Об искусстве - Поль Валери
Шрифт:
Интервал:
Закладка:
Царство порядка, каковое есть царство символов и знаков, неизбежно приходит к почти всеобщему разоружению, которое начинается с отказа от зримого оружия и мало-помалу завоевывает сердца. Мечи укорачиваются и исчезают, характеры выравниваются. Нечувствительно уходит в прошлое эра, в которой господствовал факт. Воплотившись в предвидении и традиции, будущее и минувшее, две эти воображаемые перспективы, подчиняют себе и теснят настоящее.

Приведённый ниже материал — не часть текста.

lemma weight_decreases_pi_root:
  "weight_decreases 0 (JApp (JApp t u r) u' r') (JApp t u (JApp r (lift 0 u') (lift 1 r')))"
  unfolding weight_decreases_def
proof (intro allI impI)
  fix \<Gamma> \<sigma> n
  assume "sized_typing \<Gamma> (JApp (JApp t u r) u' r') \<sigma> n"
  then obtain \<Gamma>1 ps \<tau>1 n1 \<Gamma>2 \<tau>2 n2 \<Gamma>3 n3 where
    tur: "sized_mtyping \<Gamma>1 (JApp t u r) (ch (arrows ps) \<tau>1) n1" and
    u': "sized_mtyping \<Gamma>2 u' (ch (arrow_doms ps) \<tau>2) n2" and
    r': "sized_typing (env_ext \<Gamma>3 (arrow_cods ps)) r' \<sigma> n3" and
    env: "\<Gamma>1 \<and>\<^sub>e \<Gamma>2 \<and>\<^sub>e \<Gamma>3 \<subseteq>\<^sub>e \<Gamma>" and n: "n = Suc (n1 + n2 + n3)"
    by (rule sized_typing_JAppE)
  from sized_mtyping_JApp[OF tur ch_nonempty] obtain ps' \<tau>t \<tau>u \<Gamma>t \<Gamma>u \<Gamma>r nt nu nr where
    t: "sized_mtyping \<Gamma>t t (ch (arrows ps') \<tau>t) nt" and
    u: "sized_mtyping \<Gamma>u u (ch (arrow_doms ps') \<tau>u) nu" and
    r: "sized_mtyping (env_ext \<Gamma>r (arrow_cods ps')) r (ch (arrows ps) \<tau>1) nr" and
    env': "\<Gamma>t \<and>\<^sub>e \<Gamma>u \<and>\<^sub>e \<Gamma>r \<subseteq>\<^sub>e \<Gamma>1" and n': "nt + nu + nr + 1 \<le> n1"
    unfolding app_mtyping_def by blast
  have lu': "sized_mtyping (env_ext \<Gamma>2 {#}) (lift 0 u') (ch (arrow_doms ps) \<tau>2) n2"
    using u' by (rule sized_mtyping_lift0)
  have lr': "sized_typing (env_ext (env_ext \<Gamma>3 {#}) (arrow_cods ps)) (lift 1 r') \<sigma> n3"
    using sized_typing_lift(1)[OF r', of 1] by (simp add: env_ext_lift[symmetric] env_lift_0)
  have "env_ext \<Gamma>r (arrow_cods ps') \<and>\<^sub>e env_ext \<Gamma>2 {#} \<and>\<^sub>e env_ext \<Gamma>3 {#}
      = env_ext (\<Gamma>r \<and>\<^sub>e \<Gamma>2 \<and>\<^sub>e \<Gamma>3) (arrow_cods ps')"
    using env_ext_union[of \<Gamma>r \<Gamma>2 "arrow_cods ps'" "{#}"]
      env_ext_union[of "\<Gamma>r \<and>\<^sub>e \<Gamma>2" \<Gamma>3 "arrow_cods ps'" "{#}"]
    by simp
  with s_app[OF r lu' lr'] have
    inner: "sized_typing (env_ext (\<Gamma>r \<and>\<^sub>e \<Gamma>2 \<and>\<^sub>e \<Gamma>3) (arrow_cods ps'))
      (JApp r (lift 0 u') (lift 1 r')) \<sigma>
      (Suc (nr + n2 + n3))"
    by simp
  have "\<Gamma>t \<and>\<^sub>e \<Gamma>u \<and>\<^sub>e (\<Gamma>r \<and>\<^sub>e \<Gamma>2 \<and>\<^sub>e \<Gamma>3) \<subseteq>\<^sub>e \<Gamma>1 \<and>\<^sub>e \<Gamma>2 \<and>\<^sub>e \<Gamma>3"
    using env_union_mono[OF env' env_le_refl[of "\<Gamma>2 \<and>\<^sub>e \<Gamma>3"]] by (simp add: ac_simps)
  then have "\<Gamma>t \<and>\<^sub>e \<Gamma>u \<and>\<^sub>e (\<Gamma>r \<and>\<^sub>e \<Gamma>2 \<and>\<^sub>e \<Gamma>3) \<subseteq>\<^sub>e \<Gamma>" using env by (rule env_le_trans)
  from s_app[OF t u inner this] n n'
  show "\<exists>n'. sized_typing \<Gamma> (JApp t u (JApp r (lift 0 u') (lift 1 r'))) \<sigma> n' \<and> n' + 0 \<le> n"
    by (intro exI[of _ "Suc (nt + nu + Suc (nr + n2 + n3))"]) simp
qed

lemma pi_weight_decreases: "pi t t' \<Longrightarrow> weight_decreases 0 t t'"
  by (induction rule: pi.induct)
     (blast intro: weight_decreases_pi_root weight_decreases_JLam
        weight_decreases_JApp1 weight_decreases_JApp2 weight_decreases_JApp3)+

section \<open>Strong normalisation\<close>

(* Counting the head of an application twice makes the pi-redex heavier than its contractum. *)
fun pi_measure :: "trm \<Rightarrow> nat" where
  "pi_measure (JVar _) = 1"
| "pi_measure (JLam t) = Suc (pi_measure t)"
| "pi_measure (JApp t u r) = Suc (2 * pi_measure t + pi_measure u + pi_measure r)"

lemma pi_measure_lift [simp]: "pi_measure (lift k t) = pi_measure t"
  by (induction t arbitrary: k) auto

lemma pi_measure_pos: "0 < pi_measure t"
  by (cases t) auto

lemma pi_measure_decreasing: "pi t t' \<Longrightarrow> pi_measure t' < pi_measure t"
  by (induction rule: pi.induct) (auto simp: pi_measure_pos)

lemma accp_lex_descent:
  fixes P :: "'a \<Rightarrow> nat \<Rightarrow> bool" and m :: "'a \<Rightarrow> nat"
  assumes "P t n"
    and step: "\<And>t t' n. P t n \<Longrightarrow> R t t' \<Longrightarrow> \<exists>n'. P t' n' \<and> (n' < n \<or> n' = n \<and> m t' < m t)"
  shows "Wellfounded.accp (\<lambda>t' t. R t t') t"
  using assms(1)
proof (induction "(n, m t)" arbitrary: t n rule: wf_induct[OF wf_lex_prod[OF wf_less wf_less]])
  case 1
  show ?case
  proof (rule accpI)
    fix t' assume "R t t'"
    with step[OF "1.prems"] obtain n' where "P t' n'" "n' < n \<or> n' = n \<and> m t' < m t"
      by blast
    with "1.hyps" show "Wellfounded.accp (\<lambda>t' t. R t t') t'" by auto
  qed
qed

lemma sized_typing_beta_pi_step:
  assumes "sized_typing \<Gamma> t \<sigma> n" "beta_pi t t'"
  obtains n' where "sized_typing \<Gamma> t' \<sigma> n'" "n' < n \<or> n' = n \<and> pi_measure t' < pi_measure t"
proof -
  from assms(2) consider "beta t t'" | "pi t t'" unfolding beta_pi_def by blast
  then show ?thesis
  proof cases
    case 1
    with assms(1) obtain n' where "sized_typing \<Gamma> t' \<sigma> n'" "n' + 1 \<le> n"
      using beta_weight_decreases unfolding weight_decreases_def by blast
    then show ?thesis using that by simp
  next
    case 2
    with assms(1) obtain n' where "sized_typing \<Gamma> t' \<sigma> n'" "n' \<le> n"
      using pi_weight_decreases unfolding weight_decreases_def by fastforce
    then show ?thesis using that pi_measure_decreasing[OF 2] by (cases "n' = n") simp_all
  qed
qed

theorem mainTheorem16:
  assumes "typing \<Gamma> t \<sigma>"
  shows "SN beta_pi t"
proof -
  from typing_imp_sized_typing(1)[OF assms]
  obtain n where "\<exists>\<Gamma> \<sigma>. sized_typing \<Gamma> t \<sigma> n" by blast
  then show ?thesis
    unfolding SN_def
    by (rule accp_lex_descent[where P = "\<lambda>t n. \<exists>\<Gamma> \<sigma>. sized_typing \<Gamma> t \<sigma> n" and m = pi_measure])
       (blast elim: sized_typing_beta_pi_step)
qed

end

Мир общества представляется нам теперь столь же естественным, как само естество, хотя держится он исключительно неким чудом. Не является ли и впрямь своего рода суммой заклятий эта система, которая зиждется на письменных знаках, на власти слов, на сдерживаемых обещаниях, на действенных образах, на соблюдаемых обыкновениях и условностях — что значит на чистых фикциях? Г
Этот мир отношений в силу привычки видится нам столь же устойчивым, столь же самодовлеющим, как и физический мир; и, будучи творением людей, он, однако, как творение неделимое и восходящее к незапамятным временам, кажется нам не менее сложным и не менее загадочным, нежели мир естества. Я снимаю шляпу, я приношу клятву, я совершаю тысячи странностей, коих происхождение столь же темно, как и происхождение материи. Будь то рождение, смерть или акт любви — ко всему примешивается масса вещей отвлеченных и непостижимых. В конечном итоге механизм общества обрастает столь опосредствованными причинами, столь смутными воспоминаниями и столь изобильными звеньями, что мы теряемся в лабиринте запутанных предписаний и связей. Жизнь всякого организованного народа соткана из бесчисленных нитей, большинство которых уходит в историю и сливается воедино лишь где‑то во тьме времен, силою обстоятельств, которые никогда уже не повторятся. Никто больше не знает их путей и не может проследить их сцеплений. Д
Когда порядок наконец упрочен — иными словами, реальность достаточно загримирована и зверь в нас достаточно укрощен, — возможной становится свобода духа.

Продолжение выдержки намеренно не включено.